A parent, like others before her, is pushing for cold-weather play

A child at play. Photo by ##http://www.flickr.com/photos/admiretime/##admiretime##, via Flickr (Hayleigh Colombo)

An Upper West Side mom and education researcher is arguing that her son and his classmates need an active, outdoor recess — even when it’s very cold outside.

Anne Feighery said she noticed that her second-grade son was coming home grumpy every day from PS 166 this winter. Feighery, who is an education researcher and doctoral fellow at Columbia University’s Teachers College, told me she identified the reason for her son’s bad mood when she realized that he hadn’t been outside to play in days because PS 166 keeps students indoors for recess when the temperature drops below 40 degrees.

Feighery said the indoor recess PS 166 offered instead was inadequate to meet children’s needs. During a 6-week span when he didn’t go outside this winter, her 8-year-old son got hurt during indoor playtime as his fellow students’ pent-up energy turned indoor games violent, she said.

“We began talking about it with other friends who have children in other schools and a lot of people have this problem—it wasn’t unique to us,” Feighery said. (The debate is definitely not new: A Yonkers teacher complained in the New York Times in 2003 of “a new layer of fat” parents might find hanging off their children each spring due to skipped winter recesses.)

So she wrote a letter to Schools Chancellor Joel Klein that she posted on her blog, asking that the Department of Education exercise greater oversight on schools’ recess, and she launched a Facebook group to lobby for changes.

“Right now because it’s left up to each school, days and days go by and no one’s keeping track of it, there’s no accountability,” Feighery said. Individual principals decide when the weather is too cold for recess, a DOE spokesman confirmed.

Feighery told me recess is a “far-reaching” practice that can cut down on childhood obesity, help children learn through play, and improve student behavior. But schools face the challenge of fitting in time for recess in an already packed schedule. In the winter, they must also consider safety concerns about icy play areas and some parents’ worries that playing outside in the cold will make their children sick. 

A recent study we wrote about before by the Alliance for Childhood reports that unstructured play in kindergarten makes for better-balanced adults who do not lag behind their more structured peers academically even though they spent less time studying in kindergarten.
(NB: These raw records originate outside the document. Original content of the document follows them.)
(* Let $\Gamma$ be a connected finite simple graph on $N\ge3$ vertices with minimum degree $d=2$ and $\varepsilon=\frac12$. Then there exist two adjacent vertices $u\sim v$ with $\deg u=\deg v=2$.
   Context: For a finite simple graph $\Gamma=(V,E)$ without isolated vertices, $\deg v$ is the number of neighbours of $v$ and $\mathcal N(v)=\{w\in V: w\sim v\}$. The normalized Laplacian acts on functions $f:V\to\mathbb R$ by $\Delta f(v)=f(v)-\frac{1}{\deg v}\sum_{w\sim v}f(w)$; its eigenvalues are $0=\lambda_1\le\lambda_2\le\dots\le\lambda_N$, and $\varepsilon:=\min_i|1-\lambda_i|$. $d$ denotes the minimum vertex degree. *)

theory Defs
  imports Main "HOL-Analysis.Analysis"
begin

definition simple_graph :: "'a set \<Rightarrow> ('a \<Rightarrow> 'a \<Rightarrow> bool) \<Rightarrow> bool" where
  "simple_graph V E \<longleftrightarrow> finite V \<and> (\<forall>u v. E u v \<longrightarrow> u \<in> V \<and> v \<in> V)
     \<and> (\<forall>u v. E u v \<longrightarrow> E v u) \<and> (\<forall>v. \<not> E v v)"

definition nbhd :: "'a set \<Rightarrow> ('a \<Rightarrow> 'a \<Rightarrow> bool) \<Rightarrow> 'a \<Rightarrow> 'a set" where
  "nbhd V E v = {w \<in> V. E v w}"

definition deg :: "'a set \<Rightarrow> ('a \<Rightarrow> 'a \<Rightarrow> bool) \<Rightarrow> 'a \<Rightarrow> nat" where
  "deg V E v = card (nbhd V E v)"

definition connected_graph :: "'a set \<Rightarrow> ('a \<Rightarrow> 'a \<Rightarrow> bool) \<Rightarrow> bool" where
  "connected_graph V E \<longleftrightarrow> V \<noteq> {} \<and> (\<forall>u\<in>V. \<forall>v\<in>V. E\<^sup>*\<^sup>* u v)"

definition min_degree :: "'a set \<Rightarrow> ('a \<Rightarrow> 'a \<Rightarrow> bool) \<Rightarrow> nat" where
  "min_degree V E = Min (deg V E ` V)"

definition norm_laplacian :: "'a set \<Rightarrow> ('a \<Rightarrow> 'a \<Rightarrow> bool) \<Rightarrow> ('a \<Rightarrow> real) \<Rightarrow> 'a \<Rightarrow> real" where
  "norm_laplacian V E f v = f v - (\<Sum>w\<in>nbhd V E v. f w) / real (deg V E v)"

definition laplacian_eigenvalues :: "'a set \<Rightarrow> ('a \<Rightarrow> 'a \<Rightarrow> bool) \<Rightarrow> real set" where
  "laplacian_eigenvalues V E = {mu. \<exists>f. (\<exists>v\<in>V. f v \<noteq> 0) \<and>
      (\<forall>v\<in>V. norm_laplacian V E f v = mu * f v)}"

definition eps_gap :: "'a set \<Rightarrow> ('a \<Rightarrow> 'a \<Rightarrow> bool) \<Rightarrow> real" where
  "eps_gap V E = Min ((\<lambda>mu. \<bar>1 - mu\<bar>) ` laplacian_eigenvalues V E)"

end

theory Submission
  imports Defs
begin

(* Let P f x be the average of f over the neighbours of x, so that Delta = I - P, and note that P is
   self-adjoint for <f, g> = sum_x deg x * f x * g x. If the form Q f = <P f, P f> - <f, f> / 4 of
   P^2 - 1/4 takes a negative value, a minimiser of Q on the unit sphere is an eigenfunction of P^2
   with eigenvalue s^2 < 1/4, which yields an eigenvalue 1 - s or 1 + s of Delta. So epsilon = 1/2
   forces Q >= 0.
   Suppose no two vertices of degree 2 are adjacent and pick v of degree 2 with neighbours a, b, of
   degree at least 3. A second vertex w of degree 2 sharing a neighbour with v gives
   Q (delta_v - delta_w) < 0. Otherwise Q f <= 0 for f = delta_v when 1/deg a + 1/deg b <= 1/2, and for
   f = delta_a - delta_b when deg a = 3 and deg b <= 5 (the only other case, up to symmetry). There
   P (P f) differs from f / 4 at some vertex, so f is not a critical point of Q and a small
   perturbation of f makes Q negative. *)

lemma linear_coeff_zero_if_quadratic_nonneg:
  fixes b q :: real
  assumes "\<And>t. 0 \<le> 2 * t * b + t\<^sup>2 * q"
  shows "b = 0"
proof (rule ccontr)
  assume b: "b \<noteq> 0"
  define c where "c = \<bar>q\<bar> + 1"
  have c: "c > 0" "q < 2 * c" unfolding c_def by auto
  define t where "t = - b / c"
  have "2 * t * b + t\<^sup>2 * q = b\<^sup>2 * (q - 2 * c) / c\<^sup>2"
    unfolding t_def using c by (simp add: field_simps power2_eq_square)
  also have "\<dots> < 0" using b c by (intro divide_neg_pos mult_pos_neg) auto
  finally show False using assms[of t] by simp
qed
lemma dvd_div_if_coprime:
  fixes t u N :: nat
  assumes "t dvd N" "u dvd N" "coprime t u"
  shows "t dvd N div u"
  using assms by (metis coprime_dvd_mult_right_iff dvd_mult_div_cancel)

lemma sieved_prod_odd:
  assumes "finite A" "pairwise coprime A" "\<forall>t\<in>A. t dvd N" "odd N"
  shows "sieved_prod N A = (if A = {} then -2 else 1)"
  using assms
proof (induction A arbitrary: N rule: finite_induct)
  case empty
  then show ?case using sieved_prod_empty[of N] by (cases N) auto
next
  case (insert u A)
  have "N > 0" "u dvd N" using insert.prems by (auto intro: Nat.gr0I)
  have cop: "\<forall>t\<in>A. coprime t u" using insert.prems(1) insert.hyps by (auto simp: pairwise_def)
  have "odd (N div u)" using insert.prems \<open>u dvd N\<close> by (metis dvd_mult_div_cancel even_mult_iff)
  moreover have "\<forall>t\<in>A. t dvd N div u" using insert.prems cop \<open>u dvd N\<close> by (auto intro: dvd_div_if_coprime)
  moreover have "pairwise coprime A" using insert.prems(1) by (rule pairwise_subset) auto
  ultimately have "sieved_prod N A = sieved_prod (N div u) A"
    using insert.IH insert.prems by auto
  moreover have "sieved_prod N A = sieved_prod N (insert u A) * sieved_prod (N div u) A"
    using sieved_prod_insert[OF \<open>u dvd N\<close> \<open>N > 0\<close> cop] .
  moreover have "sieved_prod (N div u) A \<noteq> 0"
    using insert.IH \<open>odd (N div u)\<close> \<open>\<forall>t\<in>A. t dvd N div u\<close> \<open>pairwise coprime A\<close> by auto
  ultimately show ?case by auto
qed

lemma sieved_prod_even:
  assumes "finite A" "pairwise coprime A" "\<forall>t\<in>A. t dvd N \<and> odd t" "even N" "N > 0"
  shows "sieved_prod N A = (if A = {} then - of_nat N else if card A = 1 then of_nat (\<Prod>A) else 1)"
  using assms
proof (induction A arbitrary: N rule: finite_induct)
  case empty
  then show ?case using sieved_prod_empty[of N] by simp
next
  case (insert u A)
  define v :: "nat \<Rightarrow> nat set \<Rightarrow> complex"
    where "v M B = (if B = {} then - of_nat M else if card B = 1 then of_nat (\<Prod>B) else 1)" for M B
  have "u dvd N" "odd u" using insert.prems by auto
  have cop: "\<forall>t\<in>A. coprime t u" using insert.prems(1) insert.hyps by (auto simp: pairwise_def)
  have N_eq: "N = u * (N div u)" using \<open>u dvd N\<close> by simp
  have "even (N div u)" using insert.prems \<open>odd u\<close> N_eq by (metis even_mult_iff)
  moreover have "N div u > 0" using N_eq insert.prems by (metis gr0I mult_0_right)
  moreover have "\<forall>t\<in>A. t dvd N div u \<and> odd t"
    using insert.prems cop \<open>u dvd N\<close> by (auto intro: dvd_div_if_coprime)
  moreover have "pairwise coprime A" using insert.prems(1) by (rule pairwise_subset) auto
  ultimately have IH: "sieved_prod N A = v N A" "sieved_prod (N div u) A = v (N div u) A"
    using insert.IH insert.prems unfolding v_def by auto
  have "0 \<notin> A" using insert.prems by auto
  then have "v (N div u) A \<noteq> 0"
    using \<open>N div u > 0\<close> insert.hyps by (auto simp: v_def)
  moreover have "v N (insert u A) * v (N div u) A = v N A"
  proof -
    consider "A = {}" | "card A = 1" | "A \<noteq> {}" "card A \<noteq> 1" by blast
    then show ?thesis
    proof cases
      case 1
      then show ?thesis using N_eq by (simp add: v_def) (metis of_nat_mult)
    qed (use insert.hyps in \<open>auto simp: v_def\<close>)
  qed
  moreover have "sieved_prod N A = sieved_prod N (insert u A) * sieved_prod (N div u) A"
    using sieved_prod_insert[OF \<open>u dvd N\<close> insert.prems(4) cop] .
  ultimately have "sieved_prod N (insert u A) = v N (insert u A)"
    using IH by (metis mult_cancel_right)
  then show ?case by (simp add: v_def)
qed

lemma gcd_star_eq_1_iff:
  assumes "j \<ge> 1"
  shows "gcd_star j n = 1 \<longleftrightarrow> (\<forall>d. d dvd j \<and> unitary_dvd d n \<longrightarrow> d = 1)"
proof -
  define D where "D = {d. d dvd j \<and> unitary_dvd d n}"
  have "finite D" unfolding D_def using assms
    by (intro finite_subset[OF _ finite_divisors_nat[of j]]) auto
  moreover have one: "1 \<in> D" by (simp add: D_def unitary_dvd_def)
  moreover have "d \<ge> 1" if "d \<in> D" for d
    using that assms by (auto simp: D_def intro: Nat.gr0I)
  ultimately have "Max D = 1 \<longleftrightarrow> D = {1}"
    using Max_ge[OF \<open>finite D\<close>] by (metis Max_singleton antisym singleton_iff subsetI subset_antisym)
  then show ?thesis using one by (auto simp: gcd_star_def D_def)
qed

definition prime_power_parts :: "nat \<Rightarrow> nat set" where
  "prime_power_parts n = (\<lambda>p. p ^ multiplicity p n) ` prime_factors n"

lemma finite_prime_power_parts [simp]: "finite (prime_power_parts n)"
  by (simp add: prime_power_parts_def)

lemma prime_power_parts_dvd: "t \<in> prime_power_parts n \<Longrightarrow> t dvd n"
  by (auto simp: prime_power_parts_def multiplicity_dvd)

lemma pairwise_coprime_prime_power_parts: "pairwise coprime (prime_power_parts n)"
  by (auto simp: pairwise_def prime_power_parts_def intro!: coprime_power_left_iff[THEN iffD2]
      coprime_power_right_iff[THEN iffD2] primes_coprime)

lemma inj_on_prime_power_parts: "inj_on (\<lambda>p. p ^ multiplicity p n) (prime_factors n)"
proof (rule inj_onI)
  fix p q assume p: "p \<in> prime_factors n" and q: "q \<in> prime_factors n"
    and eq: "p ^ multiplicity p n = q ^ multiplicity q n"
  have "multiplicity p n > 0" using p by (simp add: prime_factors_multiplicity)
  then have "p dvd q ^ multiplicity q n" using eq by (metis dvd_power gr0_conv_Suc)
  then have "p dvd q" using p by (auto intro: prime_dvd_power)
  then show "p = q" using p q by (auto intro: primes_dvd_imp_eq)
qed

lemma card_prime_power_parts: "card (prime_power_parts n) = card (prime_factors n)"
  unfolding prime_power_parts_def by (rule card_image[OF inj_on_prime_power_parts])

lemma prod_prime_power_parts:
  assumes "n > 0"
  shows "\<Prod>(prime_power_parts n) = n"
  unfolding prime_power_parts_def using prod.reindex[OF inj_on_prime_power_parts[of n], of id]
    prime_factorization_nat[of n] assms by simp

lemma prime_power_parts_mult:
  assumes "coprime m k" "m > 0" "k > 0"
  shows "prime_power_parts (m * k) = prime_power_parts m \<union> prime_power_parts k"
proof -
  have mult_eq: "multiplicity p (m * k) = multiplicity p m + multiplicity p k" if "prime p" for p
    using that assms by (simp add: prime_elem_multiplicity_mult_distrib)
  have "multiplicity p k = 0" if "p \<in> prime_factors m" for p
    using that assms(1) by (meson coprime_common_divisor in_prime_factors_iff not_prime_unit
        not_dvd_imp_multiplicity_0)
  moreover have "multiplicity p m = 0" if "p \<in> prime_factors k" for p
    using that assms(1) by (meson coprime_common_divisor in_prime_factors_iff not_prime_unit
        not_dvd_imp_multiplicity_0)
  ultimately have "(\<lambda>p. p ^ multiplicity p (m * k)) ` prime_factors m = prime_power_parts m"
    and "(\<lambda>p. p ^ multiplicity p (m * k)) ` prime_factors k = prime_power_parts k"
    using mult_eq by (auto simp: prime_power_parts_def in_prime_factors_imp_prime intro!: image_cong)
  then show ?thesis
    using assms by (simp add: prime_power_parts_def prime_factors_product image_Un)
qed

lemma prime_power_parts_prime_power:
  assumes "prime p" "a \<ge> 1"
  shows "prime_power_parts (p ^ a) = {p ^ a}"
  using assms by (simp add: prime_power_parts_def prime_factorization_prime_power)

lemma unitary_dvd_prime_power_part:
  assumes "n \<ge> 1" "p \<in> prime_factors n"
  shows "unitary_dvd (p ^ multiplicity p n) n"
proof -
  have "prime p" using assms by auto
  moreover have "\<not> p dvd (n div p ^ multiplicity p n)"
    using assms \<open>prime p\<close> by (intro multiplicity_decompose) (auto simp: prime_gt_1_nat)
  ultimately have "coprime p (n div p ^ multiplicity p n)"
    by (rule prime_imp_coprime)
  then show ?thesis
    by (simp add: unitary_dvd_def multiplicity_dvd coprime_power_left_iff)
qed

lemma unitary_dvd_imp_prime_power_part_dvd:
  assumes "n \<ge> 1" "unitary_dvd d n" "d \<noteq> 1"
  shows "\<exists>t\<in>prime_power_parts n. t dvd d"
proof -
  have "d dvd n" and cop: "coprime d (n div d)" using assms(2) by (auto simp: unitary_dvd_def)
  then have "d \<noteq> 0" "n div d \<noteq> 0" using assms(1) by auto
  obtain p where p: "prime p" "p dvd d" using assms(3) prime_factor_nat by blast
  then have "p \<in> prime_factors n"
    using \<open>d dvd n\<close> assms(1) by (auto simp: prime_factors_dvd intro: dvd_trans)
  have "\<not> p dvd (n div d)" using cop p by (meson coprime_common_divisor not_prime_unit)
  then have "multiplicity p n = multiplicity p d"
    using prime_elem_multiplicity_mult_distrib[of p d "n div d"] p \<open>d \<noteq> 0\<close> \<open>n div d \<noteq> 0\<close>
      \<open>d dvd n\<close> by (simp add: not_dvd_imp_multiplicity_0)
  then have "p ^ multiplicity p n dvd d" by (simp add: multiplicity_dvd)
  then show ?thesis using \<open>p \<in> prime_factors n\<close> by (auto simp: prime_power_parts_def)
qed

lemma gcd_star_eq_1_iff_prime_power_parts:
  assumes "n \<ge> 1" "j \<ge> 1"
  shows "gcd_star j n = 1 \<longleftrightarrow> (\<forall>t\<in>prime_power_parts n. \<not> t dvd j)"
proof
  assume "gcd_star j n = 1"
  then have trivial: "d = 1" if "d dvd j" "unitary_dvd d n" for d
    using that gcd_star_eq_1_iff[OF assms(2)] by blast
  show "\<forall>t\<in>prime_power_parts n. \<not> t dvd j"
  proof (intro ballI notI)
    fix t assume "t \<in> prime_power_parts n" "t dvd j"
    then obtain p where p: "p \<in> prime_factors n" "t = p ^ multiplicity p n"
      by (auto simp: prime_power_parts_def)
    then have "multiplicity p n > 0" "prime p" by (auto simp: prime_factors_multiplicity)
    then have "t \<noteq> 1" using p(2) by (auto dest: prime_gt_1_nat)
    then show False
      using trivial[OF \<open>t dvd j\<close>] unitary_dvd_prime_power_part[OF assms(1) p(1)] p(2) by blast
  qed
next
  assume "\<forall>t\<in>prime_power_parts n. \<not> t dvd j"
  then show "gcd_star j n = 1"
    using unitary_dvd_imp_prime_power_part_dvd[OF assms(1)] gcd_star_eq_1_iff[OF assms(2)]
    by (meson dvd_trans)
qed

lemma poly_Phi_star_neg1:
  "poly (Phi_star n) (-1) = (\<Prod>j\<in>{j\<in>{1..n}. gcd_star j n = 1}. -1 - root_unity n j)"
  unfolding Phi_star_def poly_prod by (intro prod.cong) (auto simp: root_unity_def)

lemma poly_Phi_star_neg1_eq_sieved_prod:
  assumes n: "n \<ge> 1" and half: "odd n \<or> (\<exists>t\<in>prime_power_parts n. t dvd n div 2)"
  shows "poly (Phi_star n) (-1) = sieved_prod n (prime_power_parts n)"
proof -
  have S: "{j\<in>{1..n}. gcd_star j n = 1} = {j\<in>{1..n}. \<forall>t\<in>prime_power_parts n. \<not> t dvd j}"
    using gcd_star_eq_1_iff_prime_power_parts[OF n] by auto
  \<comment> \<open>the only \<open>j\<close> with \<open>\<zeta>\<^sup>j = -1\<close> is \<open>n/2\<close>, which is sieved out\<close>
  have "root_unity n j \<noteq> -1" if "j \<in> {1..n}" "\<forall>t\<in>prime_power_parts n. \<not> t dvd j" for j
    using root_unity_eq_neg1_imp[OF that(1)] that(2) half by fastforce
  then show ?thesis
    unfolding poly_Phi_star_neg1 S sieved_prod_def
    by (intro prod.cong) (auto simp: factor_at_neg1_def)
qed

lemma Phi_star_neg1_odd:
  assumes "odd n"
  shows "poly (Phi_star n) (-1) = (if n = 1 then -2 else 1)"
proof -
  have "n \<ge> 1" using assms by (cases n) auto
  then have "poly (Phi_star n) (-1) = sieved_prod n (prime_power_parts n)"
    using assms by (intro poly_Phi_star_neg1_eq_sieved_prod) auto
  also have "\<dots> = (if prime_power_parts n = {} then -2 else 1)"
    using assms by (intro sieved_prod_odd)
      (auto simp: pairwise_coprime_prime_power_parts prime_power_parts_dvd)
  also have "prime_power_parts n = {} \<longleftrightarrow> n = 1"
    using \<open>n \<ge> 1\<close> by (auto simp: prime_power_parts_def prime_factorization_empty_iff)
  finally show ?thesis .
qed

lemma Phi_star_neg1_2_power:
  assumes "a \<ge> 1"
  shows "poly (Phi_star (2 ^ a)) (-1) = 0"
proof -
  define h :: nat where "h = 2 ^ (a - 1)"
  have "2 ^ a = 2 * h" "h \<ge> 1" using assms by (simp_all add: h_def power_Suc[symmetric])
  then have "\<not> 2 ^ a dvd h" by (auto dest: dvd_imp_le)
  then have "h \<in> {j\<in>{1..2 ^ a}. gcd_star j (2 ^ a) = 1}"
    using gcd_star_eq_1_iff_prime_power_parts[of "2 ^ a" h] prime_power_parts_prime_power[of 2 a]
      assms \<open>2 ^ a = 2 * h\<close> \<open>h \<ge> 1\<close> by auto
  moreover have "-1 - root_unity (2 ^ a) h = 0"
    using root_unity_half[OF \<open>2 ^ a = 2 * h\<close> \<open>h \<ge> 1\<close>] by simp
  ultimately show ?thesis
    unfolding poly_Phi_star_neg1 by (intro prod_zero) auto
qed

lemma Phi_star_neg1_2_power_mult_odd:
  assumes "a \<ge> 1" "odd m" "m > 1"
  shows "poly (Phi_star (2 ^ a * m)) (-1) = (if card (prime_factors m) = 1 then of_nat m else 1)"
proof -
  define n where "n = 2 ^ a * m"
  define A where "A = prime_power_parts m"
  have "coprime (2 ^ a) m" using assms(2) by (simp add: coprime_power_left_iff)
  then have parts_n: "prime_power_parts n = insert (2 ^ a) A"
    using prime_power_parts_mult[of "2 ^ a" m] prime_power_parts_prime_power[of 2 a] assms
    by (simp add: n_def A_def)
  have "A \<noteq> {}" using assms(3) by (auto simp: A_def prime_power_parts_def prime_factorization_empty_iff)
  have A_odd: "\<forall>t\<in>A. t dvd m \<and> odd t"
    using assms(2) prime_power_parts_dvd dvd_trans[of 2 _ m] unfolding A_def by blast
  have "finite A" "pairwise coprime A"
    by (simp_all add: A_def pairwise_coprime_prime_power_parts)
  have "m dvd n div 2" using assms(1) by (cases a) (simp_all add: n_def)
  then have "poly (Phi_star n) (-1) = sieved_prod n (insert (2 ^ a) A)"
    using poly_Phi_star_neg1_eq_sieved_prod[of n] parts_n A_odd \<open>A \<noteq> {}\<close> assms(3)
    by (fastforce simp: n_def dest: dvd_trans)
  \<comment> \<open>sieving by \<open>2\<^sup>a\<close> divides by \<open>sieved_prod m A = 1\<close>\<close>
  also have "\<dots> = sieved_prod n A"
    using sieved_prod_insert[of "2 ^ a" n A] sieved_prod_odd[OF \<open>finite A\<close> \<open>pairwise coprime A\<close>, of m]
      A_odd \<open>A \<noteq> {}\<close> \<open>coprime (2 ^ a) m\<close> assms by (simp add: n_def coprime_commute)
  also have "\<dots> = (if card A = 1 then of_nat (\<Prod>A) else 1)"
    using sieved_prod_even[OF \<open>finite A\<close> \<open>pairwise coprime A\<close>, of n] A_odd \<open>A \<noteq> {}\<close> assms
    by (auto simp: n_def dest: dvd_trans)
  finally show ?thesis
    using card_prime_power_parts[of m] prod_prime_power_parts[of m] assms(3) by (simp add: n_def A_def)
qed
And New York State’s Healthy Schools Act, passed in 2007, requires schools to provide students in 8th grade and under with a recess period of up to 30 minutes a day when there is no physical education class.

A DOE spokesman declined to comment on the DOE’s position on recess, but back in February, commenting on a 2008 study by then-Bronx Borough President Adolfo Carrión’s office that found that about 90 percent of Bronx public schools don’t comply with the state’s physical activity requirement, a DOE spokeswoman said the department was working to improve physical education offerings.

“We share Borough President Carrión’s concerns, and that’s why we have worked hard over the past five years to improve physical education in New York City schools and give more students access to high quality programs,” DOE spokeswoman Marge Feinberg wrote to a Bronx community newspaper at the time.